*** Dataset content ***
(* Let $R$ be a commutative elementary divisor domain and let $E=\mathrm{diag}(\varepsilon_1,\dots,\varepsilon_n)$, $\Phi=\mathrm{diag}(\varphi_1,\dots,\varphi_n)$ be nonsingular $d$-matrices with $\varphi_i\mid\varepsilon_i$ for all $i$. Then every class $\mathbf G_\Phi L=\{HL:H\in\mathbf G_\Phi\}$, $L\in\mathbf L(E,\Phi)$, contains exactly one element of $\mathbf V(E,\Phi)$ if and only if the following holds: for every index $i\in\{2,\dots,n\}$ such that $\varphi_i$ and $\varphi_{i-1}$ are not associates, every non-unit divisor $\delta$ of $\varphi_i/\varphi_{i-1}$ satisfies $\big(\delta,\ \frac{\varphi_i}{(\varphi_i,\varepsilon_{i-1})}\big)\ne1$.
   Context: Elementary divisor domain: commutative integral domain over which every matrix is equivalent to a $d$-matrix (diagonal $\mathrm{diag}(\varphi_1,\dots)$ with $\varphi_i\mid\varphi_{i+1}$). $\mathbf G_\Phi=\{H\in GL_n(R):\exists K\in GL_n(R),\ H\Phi=\Phi K\}$; $\mathbf L(E,\Phi)=\{L\in GL_n(R):\exists S\in M_n(R),\ LE=\Phi S\}$. For $f\in R$, $K(f)$ is a fixed complete system of representatives of the residue classes of $R$ modulo $fR$. The Kazimirskii set $\mathbf V(E,\Phi)$ is the set of lower unitriangular $n\times n$ matrices whose entry in position $(i,j)$, $i>j$, equals $\frac{\varphi_i}{(\varphi_i,\varepsilon_j)}k_{ij}$ with $k_{ij}\in K\big(\frac{(\varphi_i,\varepsilon_j)}{\varphi_j}\big)$. *)

theory Defs
  imports "Jordan_Normal_Form.Determinant"
begin

text \<open>Indices are 0-based: the paper's index i in 1..n corresponds to i-1 here.\<close>

definition GL :: "nat \<Rightarrow> 'a::comm_ring_1 mat set" where
  "GL n = {A \<in> carrier_mat n n. invertible_mat A}"

definition mat_equiv :: "'a::comm_ring_1 mat \<Rightarrow> 'a mat \<Rightarrow> bool" where
  "mat_equiv A B \<longleftrightarrow> (\<exists>P Q. P \<in> GL (dim_row A) \<and> Q \<in> GL (dim_col A) \<and> B = P * A * Q)"

definition d_matrix :: "'a::comm_ring_1 mat \<Rightarrow> bool" where
  "d_matrix D \<longleftrightarrow>
     (\<forall>i < dim_row D. \<forall>j < dim_col D. i \<noteq> j \<longrightarrow> D $$ (i,j) = 0) \<and>
     (\<forall>i. Suc i < dim_row D \<and> Suc i < dim_col D \<longrightarrow> D $$ (i,i) dvd D $$ (Suc i, Suc i))"

definition elementary_divisor_domain :: "'a::idom itself \<Rightarrow> bool" where
  "elementary_divisor_domain TYPE('a) \<longleftrightarrow>
     (\<forall>m k. \<forall>A::'a mat. A \<in> carrier_mat m k \<longrightarrow> (\<exists>D. d_matrix D \<and> mat_equiv A D))"

definition is_gcd_fun :: "('a::comm_ring_1 \<Rightarrow> 'a \<Rightarrow> 'a) \<Rightarrow> bool" where
  "is_gcd_fun g \<longleftrightarrow> (\<forall>a b. g a b dvd a \<and> g a b dvd b \<and> (\<forall>d. d dvd a \<and> d dvd b \<longrightarrow> d dvd g a b))"

definition is_residue_system :: "('a::comm_ring_1 \<Rightarrow> 'a set) \<Rightarrow> bool" where
  "is_residue_system K \<longleftrightarrow> (\<forall>f a. \<exists>!k. k \<in> K f \<and> f dvd (a - k))"

definition G_Phi :: "'a::comm_ring_1 mat \<Rightarrow> 'a mat set" where
  "G_Phi Phi = {H \<in> GL (dim_row Phi). \<exists>K \<in> GL (dim_row Phi). H * Phi = Phi * K}"

definition L_set :: "'a::comm_ring_1 mat \<Rightarrow> 'a mat \<Rightarrow> 'a mat set" where
  "L_set E Phi = {L \<in> GL (dim_row Phi). \<exists>S \<in> carrier_mat (dim_row Phi) (dim_row Phi). L * E = Phi * S}"

definition V_set :: "('a::idom_divide \<Rightarrow> 'a \<Rightarrow> 'a) \<Rightarrow> ('a \<Rightarrow> 'a set) \<Rightarrow> 'a mat \<Rightarrow> 'a mat \<Rightarrow> 'a mat set" where
  "V_set g K E Phi = {V \<in> carrier_mat (dim_row Phi) (dim_row Phi).
      (\<forall>i < dim_row Phi. V $$ (i,i) = 1) \<and>
      (\<forall>i j. i < j \<and> j < dim_row Phi \<longrightarrow> V $$ (i,j) = 0) \<and>
      (\<forall>i j. j < i \<and> i < dim_row Phi \<longrightarrow>
         (\<exists>k \<in> K (g (Phi $$ (i,i)) (E $$ (j,j)) div Phi $$ (j,j)).
            V $$ (i,j) = (Phi $$ (i,i) div g (Phi $$ (i,i)) (E $$ (j,j))) * k))}"

end

(*
  An element H of GL_n(R) lies in G_Phi iff phi_i/phi_j divides H_ij for all j < i, and L
  lies in L(E,Phi) iff phi_i divides L_ij eps_j. The entries of V(E,Phi) below the diagonal
  are of the form (phi_i/(phi_i,eps_j)) k_ij with k_ij running through a residue system modulo
  (phi_i,eps_j)/phi_j, whose product with phi_i/(phi_i,eps_j) is phi_i/phi_j. Hence two
  elements of V(E,Phi) in the same class coincide: comparing columns from the right, the
  factor in G_Phi between them is the identity.

  If the condition fails at i, with delta a non-unit divisor of phi_i/phi_(i-1) coprime to
  a = phi_i/(phi_i,eps_(i-1)), choose u delta + v a = 1 and let L be the identity with the
  block [u, -v; a, delta] in rows and columns i-1, i. Then L is in L(E,Phi), but the (i,i)
  entry of H L is divisible by delta for every H in G_Phi, so it is never 1.

  If the condition holds, let D_t be the trailing principal minor of L on the indices >= t.
  Modulo phi_i/(phi_i,eps_(i-1)) the matrix L is block upper triangular and det L is a unit,
  so D_i is coprime to phi_i/(phi_i,eps_(i-1)), and by the condition also to phi_i/phi_(i-1).
  Inductively some sum over t <= i of r_t (phi_i/phi_t) D_t equals 1; the same combination of
  rows of the adjugates of the trailing submatrices is a row with the divisibility of G_Phi
  whose product with L is the i-th unit vector on the columns >= i. Subtracting multiples of
  the rows already built for smaller indices brings the remaining entries into the residue
  systems.
*)
theory Submission
  imports Defs
begin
*** End of Dataset content ***
Exercise directions: All of the lines above that carry the string "lies" need to be found and copied.

Response:
  An element H of GL_n(R) lies in G_Phi iff phi_i/phi_j divides H_ij for all j < i, and L
  lies in L(E,Phi) iff phi_i divides L_ij eps_j. The entries of V(E,Phi) below the diagonal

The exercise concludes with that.